■ Recorded data:
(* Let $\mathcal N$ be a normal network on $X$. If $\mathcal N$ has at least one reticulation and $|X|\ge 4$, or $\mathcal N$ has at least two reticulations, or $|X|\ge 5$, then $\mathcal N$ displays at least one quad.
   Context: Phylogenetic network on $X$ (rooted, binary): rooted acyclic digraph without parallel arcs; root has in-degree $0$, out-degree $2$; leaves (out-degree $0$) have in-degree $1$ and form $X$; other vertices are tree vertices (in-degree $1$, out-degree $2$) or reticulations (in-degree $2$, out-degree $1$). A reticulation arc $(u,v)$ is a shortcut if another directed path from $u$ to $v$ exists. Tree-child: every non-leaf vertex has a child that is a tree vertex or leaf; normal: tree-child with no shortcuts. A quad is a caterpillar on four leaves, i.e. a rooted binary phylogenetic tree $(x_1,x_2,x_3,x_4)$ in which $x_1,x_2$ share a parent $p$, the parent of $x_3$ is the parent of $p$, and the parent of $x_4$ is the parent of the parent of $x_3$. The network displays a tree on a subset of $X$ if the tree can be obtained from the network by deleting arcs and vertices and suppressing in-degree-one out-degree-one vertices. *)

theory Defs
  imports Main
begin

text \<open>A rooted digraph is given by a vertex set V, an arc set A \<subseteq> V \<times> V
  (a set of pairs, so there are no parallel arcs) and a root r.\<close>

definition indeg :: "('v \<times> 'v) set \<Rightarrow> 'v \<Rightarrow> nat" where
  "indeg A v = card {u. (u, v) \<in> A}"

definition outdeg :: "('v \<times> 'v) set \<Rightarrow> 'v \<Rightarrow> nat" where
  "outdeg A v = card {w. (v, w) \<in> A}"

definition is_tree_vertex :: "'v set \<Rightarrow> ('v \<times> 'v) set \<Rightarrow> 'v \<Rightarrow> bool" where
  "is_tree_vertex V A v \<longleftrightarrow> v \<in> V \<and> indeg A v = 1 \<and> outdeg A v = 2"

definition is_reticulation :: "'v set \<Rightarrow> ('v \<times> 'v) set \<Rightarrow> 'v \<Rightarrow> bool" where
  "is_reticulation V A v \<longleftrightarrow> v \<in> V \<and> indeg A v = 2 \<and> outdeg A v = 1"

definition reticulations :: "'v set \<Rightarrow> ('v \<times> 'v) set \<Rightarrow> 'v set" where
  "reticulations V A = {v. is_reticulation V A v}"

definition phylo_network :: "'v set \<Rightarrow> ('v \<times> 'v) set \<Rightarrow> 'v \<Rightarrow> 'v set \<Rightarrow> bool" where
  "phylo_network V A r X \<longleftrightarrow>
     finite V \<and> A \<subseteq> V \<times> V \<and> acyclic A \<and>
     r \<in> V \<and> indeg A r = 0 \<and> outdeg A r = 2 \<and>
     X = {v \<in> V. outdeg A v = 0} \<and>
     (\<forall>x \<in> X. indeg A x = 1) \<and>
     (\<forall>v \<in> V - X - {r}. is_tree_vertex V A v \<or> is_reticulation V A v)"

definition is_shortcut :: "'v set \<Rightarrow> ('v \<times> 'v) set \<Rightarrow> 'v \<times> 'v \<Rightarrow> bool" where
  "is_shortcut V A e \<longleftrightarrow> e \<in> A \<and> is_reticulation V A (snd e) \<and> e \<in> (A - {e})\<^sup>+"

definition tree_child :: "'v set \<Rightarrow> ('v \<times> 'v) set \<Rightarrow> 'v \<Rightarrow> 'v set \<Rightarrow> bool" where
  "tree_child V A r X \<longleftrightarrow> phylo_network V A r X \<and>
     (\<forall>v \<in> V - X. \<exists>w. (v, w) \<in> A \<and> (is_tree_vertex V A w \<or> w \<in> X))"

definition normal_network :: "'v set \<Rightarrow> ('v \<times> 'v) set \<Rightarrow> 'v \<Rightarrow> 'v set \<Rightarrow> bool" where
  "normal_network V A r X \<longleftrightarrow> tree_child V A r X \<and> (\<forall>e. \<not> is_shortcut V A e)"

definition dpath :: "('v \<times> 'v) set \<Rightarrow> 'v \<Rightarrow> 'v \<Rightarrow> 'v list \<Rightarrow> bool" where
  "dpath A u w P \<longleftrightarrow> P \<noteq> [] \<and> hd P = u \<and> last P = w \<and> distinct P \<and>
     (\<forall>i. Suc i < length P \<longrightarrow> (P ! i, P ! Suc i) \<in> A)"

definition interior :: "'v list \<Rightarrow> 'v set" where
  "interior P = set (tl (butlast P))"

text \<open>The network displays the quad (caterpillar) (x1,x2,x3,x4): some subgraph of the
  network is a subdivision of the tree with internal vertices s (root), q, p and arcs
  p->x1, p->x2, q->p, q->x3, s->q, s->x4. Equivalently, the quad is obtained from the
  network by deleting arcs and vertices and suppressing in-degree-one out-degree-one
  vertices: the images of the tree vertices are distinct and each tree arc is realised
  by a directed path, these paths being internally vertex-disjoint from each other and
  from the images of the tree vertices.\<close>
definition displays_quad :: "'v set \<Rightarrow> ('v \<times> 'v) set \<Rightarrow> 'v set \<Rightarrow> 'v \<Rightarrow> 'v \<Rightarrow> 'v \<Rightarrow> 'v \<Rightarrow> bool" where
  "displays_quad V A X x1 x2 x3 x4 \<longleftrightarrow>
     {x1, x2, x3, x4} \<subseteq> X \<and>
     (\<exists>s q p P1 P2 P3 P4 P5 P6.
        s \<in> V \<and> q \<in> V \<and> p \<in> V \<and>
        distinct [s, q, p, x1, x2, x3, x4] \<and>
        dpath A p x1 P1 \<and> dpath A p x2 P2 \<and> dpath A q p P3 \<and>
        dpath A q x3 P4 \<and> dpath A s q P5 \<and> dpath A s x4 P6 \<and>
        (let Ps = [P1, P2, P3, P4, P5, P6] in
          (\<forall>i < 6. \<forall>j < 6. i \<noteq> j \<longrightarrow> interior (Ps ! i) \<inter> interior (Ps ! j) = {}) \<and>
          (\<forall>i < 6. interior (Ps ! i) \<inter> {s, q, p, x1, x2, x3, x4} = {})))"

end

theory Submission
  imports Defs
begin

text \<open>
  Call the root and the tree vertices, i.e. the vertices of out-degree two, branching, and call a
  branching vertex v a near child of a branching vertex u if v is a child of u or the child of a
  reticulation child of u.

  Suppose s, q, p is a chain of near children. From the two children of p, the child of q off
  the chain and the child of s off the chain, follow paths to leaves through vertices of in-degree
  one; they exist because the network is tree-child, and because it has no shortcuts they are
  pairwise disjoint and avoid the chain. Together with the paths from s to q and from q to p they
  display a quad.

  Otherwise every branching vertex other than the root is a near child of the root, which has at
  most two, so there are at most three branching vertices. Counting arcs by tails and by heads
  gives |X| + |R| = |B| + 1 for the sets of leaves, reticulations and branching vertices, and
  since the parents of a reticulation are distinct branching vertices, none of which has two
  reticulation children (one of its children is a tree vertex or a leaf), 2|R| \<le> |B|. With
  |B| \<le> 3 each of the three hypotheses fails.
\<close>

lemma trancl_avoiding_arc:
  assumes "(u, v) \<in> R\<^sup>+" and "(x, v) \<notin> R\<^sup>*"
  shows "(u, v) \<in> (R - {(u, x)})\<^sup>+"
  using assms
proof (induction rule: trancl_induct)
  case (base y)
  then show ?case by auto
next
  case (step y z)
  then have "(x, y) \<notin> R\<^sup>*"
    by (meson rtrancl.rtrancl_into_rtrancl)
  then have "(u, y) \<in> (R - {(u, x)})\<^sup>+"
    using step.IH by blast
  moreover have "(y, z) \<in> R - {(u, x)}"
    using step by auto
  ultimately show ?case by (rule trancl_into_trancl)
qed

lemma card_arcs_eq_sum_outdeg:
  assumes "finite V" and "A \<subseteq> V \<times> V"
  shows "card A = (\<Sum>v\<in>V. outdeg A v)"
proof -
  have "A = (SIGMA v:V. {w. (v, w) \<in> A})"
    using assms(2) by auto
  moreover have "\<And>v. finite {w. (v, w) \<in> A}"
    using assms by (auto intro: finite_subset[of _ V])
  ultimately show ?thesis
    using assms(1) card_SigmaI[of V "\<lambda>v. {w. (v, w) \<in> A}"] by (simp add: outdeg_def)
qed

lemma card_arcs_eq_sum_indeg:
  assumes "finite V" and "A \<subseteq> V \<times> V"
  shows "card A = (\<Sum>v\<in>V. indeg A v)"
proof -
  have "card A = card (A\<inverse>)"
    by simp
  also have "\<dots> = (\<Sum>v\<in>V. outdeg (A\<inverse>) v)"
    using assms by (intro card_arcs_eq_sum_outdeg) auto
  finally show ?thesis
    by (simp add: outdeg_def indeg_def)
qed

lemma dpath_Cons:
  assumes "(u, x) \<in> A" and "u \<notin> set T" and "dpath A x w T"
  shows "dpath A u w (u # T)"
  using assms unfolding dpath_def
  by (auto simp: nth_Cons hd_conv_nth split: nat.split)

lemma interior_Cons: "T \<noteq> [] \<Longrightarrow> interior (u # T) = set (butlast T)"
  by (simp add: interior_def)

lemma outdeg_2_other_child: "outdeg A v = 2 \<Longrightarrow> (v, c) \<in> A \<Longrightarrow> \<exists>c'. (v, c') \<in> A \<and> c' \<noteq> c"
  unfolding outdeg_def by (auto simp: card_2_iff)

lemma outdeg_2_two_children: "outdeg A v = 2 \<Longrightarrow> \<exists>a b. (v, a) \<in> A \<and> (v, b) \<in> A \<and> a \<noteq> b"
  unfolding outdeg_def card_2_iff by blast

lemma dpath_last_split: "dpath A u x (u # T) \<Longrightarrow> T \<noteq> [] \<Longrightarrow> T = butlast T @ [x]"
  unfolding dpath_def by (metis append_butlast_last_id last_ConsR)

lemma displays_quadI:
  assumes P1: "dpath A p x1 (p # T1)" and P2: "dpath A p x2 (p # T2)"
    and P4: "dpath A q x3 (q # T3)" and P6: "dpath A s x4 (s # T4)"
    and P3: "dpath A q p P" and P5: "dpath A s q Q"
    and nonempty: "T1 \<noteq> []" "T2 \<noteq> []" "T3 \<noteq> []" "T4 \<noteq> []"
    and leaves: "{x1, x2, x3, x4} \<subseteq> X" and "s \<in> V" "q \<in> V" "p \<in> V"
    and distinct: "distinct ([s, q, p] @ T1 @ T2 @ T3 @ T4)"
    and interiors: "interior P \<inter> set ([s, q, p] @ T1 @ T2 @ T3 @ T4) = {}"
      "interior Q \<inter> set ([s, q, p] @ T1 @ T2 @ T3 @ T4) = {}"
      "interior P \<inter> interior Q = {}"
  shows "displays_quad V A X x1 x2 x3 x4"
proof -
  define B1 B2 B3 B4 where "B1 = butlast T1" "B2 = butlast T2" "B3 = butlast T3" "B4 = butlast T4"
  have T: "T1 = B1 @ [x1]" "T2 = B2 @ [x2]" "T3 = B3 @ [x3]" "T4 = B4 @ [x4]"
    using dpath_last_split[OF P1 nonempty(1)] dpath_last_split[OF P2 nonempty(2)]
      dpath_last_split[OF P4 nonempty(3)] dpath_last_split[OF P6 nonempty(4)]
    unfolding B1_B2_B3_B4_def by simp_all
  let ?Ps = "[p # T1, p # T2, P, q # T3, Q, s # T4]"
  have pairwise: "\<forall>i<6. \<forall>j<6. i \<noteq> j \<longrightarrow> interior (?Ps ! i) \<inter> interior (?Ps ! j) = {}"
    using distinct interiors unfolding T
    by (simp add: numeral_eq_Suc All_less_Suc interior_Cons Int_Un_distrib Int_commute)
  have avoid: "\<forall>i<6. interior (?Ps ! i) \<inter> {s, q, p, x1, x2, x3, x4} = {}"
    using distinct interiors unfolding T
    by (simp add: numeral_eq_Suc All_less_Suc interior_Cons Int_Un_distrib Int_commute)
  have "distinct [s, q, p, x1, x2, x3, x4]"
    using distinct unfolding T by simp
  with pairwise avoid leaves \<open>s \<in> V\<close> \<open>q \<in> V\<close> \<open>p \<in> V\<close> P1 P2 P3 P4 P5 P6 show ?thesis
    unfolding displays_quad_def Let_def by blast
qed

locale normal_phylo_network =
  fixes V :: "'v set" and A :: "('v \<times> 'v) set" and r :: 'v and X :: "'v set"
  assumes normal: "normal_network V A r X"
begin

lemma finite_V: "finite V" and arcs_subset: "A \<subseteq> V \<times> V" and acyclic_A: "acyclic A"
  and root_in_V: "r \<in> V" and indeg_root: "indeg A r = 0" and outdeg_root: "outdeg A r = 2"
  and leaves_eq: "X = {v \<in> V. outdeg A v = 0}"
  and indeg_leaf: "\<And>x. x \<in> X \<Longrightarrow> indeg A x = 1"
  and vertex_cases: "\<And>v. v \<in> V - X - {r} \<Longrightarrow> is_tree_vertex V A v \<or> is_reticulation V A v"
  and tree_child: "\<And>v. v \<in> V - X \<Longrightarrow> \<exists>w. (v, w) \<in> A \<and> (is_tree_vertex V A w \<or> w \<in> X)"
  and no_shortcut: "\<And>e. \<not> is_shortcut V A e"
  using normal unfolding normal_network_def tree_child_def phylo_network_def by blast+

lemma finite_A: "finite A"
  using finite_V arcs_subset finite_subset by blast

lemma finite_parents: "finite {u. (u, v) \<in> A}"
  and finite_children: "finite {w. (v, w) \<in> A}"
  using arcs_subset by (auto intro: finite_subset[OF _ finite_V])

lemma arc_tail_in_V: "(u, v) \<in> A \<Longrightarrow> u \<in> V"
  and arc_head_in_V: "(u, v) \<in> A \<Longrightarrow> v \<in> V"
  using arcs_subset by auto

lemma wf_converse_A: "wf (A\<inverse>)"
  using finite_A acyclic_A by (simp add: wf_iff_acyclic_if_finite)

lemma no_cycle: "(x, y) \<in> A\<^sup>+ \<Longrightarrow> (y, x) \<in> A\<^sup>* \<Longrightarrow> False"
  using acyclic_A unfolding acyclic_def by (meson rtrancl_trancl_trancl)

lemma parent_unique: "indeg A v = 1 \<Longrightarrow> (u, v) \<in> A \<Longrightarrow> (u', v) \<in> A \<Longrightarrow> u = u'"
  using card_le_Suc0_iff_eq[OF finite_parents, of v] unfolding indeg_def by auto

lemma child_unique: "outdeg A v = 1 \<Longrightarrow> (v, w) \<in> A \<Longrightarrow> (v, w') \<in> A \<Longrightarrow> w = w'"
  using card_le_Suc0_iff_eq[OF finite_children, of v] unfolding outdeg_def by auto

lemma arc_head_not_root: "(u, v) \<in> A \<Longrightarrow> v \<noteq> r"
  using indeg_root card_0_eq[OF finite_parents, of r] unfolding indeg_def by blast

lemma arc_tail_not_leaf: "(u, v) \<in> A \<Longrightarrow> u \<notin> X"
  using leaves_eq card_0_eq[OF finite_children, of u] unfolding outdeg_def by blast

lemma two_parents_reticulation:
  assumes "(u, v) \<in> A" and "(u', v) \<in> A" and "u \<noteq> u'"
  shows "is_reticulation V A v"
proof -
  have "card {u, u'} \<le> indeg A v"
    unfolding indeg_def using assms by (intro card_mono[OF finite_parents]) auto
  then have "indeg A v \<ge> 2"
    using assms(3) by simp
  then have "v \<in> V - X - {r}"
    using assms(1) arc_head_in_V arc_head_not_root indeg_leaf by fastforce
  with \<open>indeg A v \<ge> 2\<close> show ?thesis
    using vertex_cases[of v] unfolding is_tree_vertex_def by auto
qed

■ TASK INSTRUCTIONS: Repeat exactly, and only, the lines of the records above, starting with the line that contains "with \<open>indeg A" and ending with the final line, both included.

■ EXERCISE OUTPUT:
  with \<open>indeg A v \<ge> 2\<close> show ?thesis
    using vertex_cases[of v] unfolding is_tree_vertex_def by auto
qed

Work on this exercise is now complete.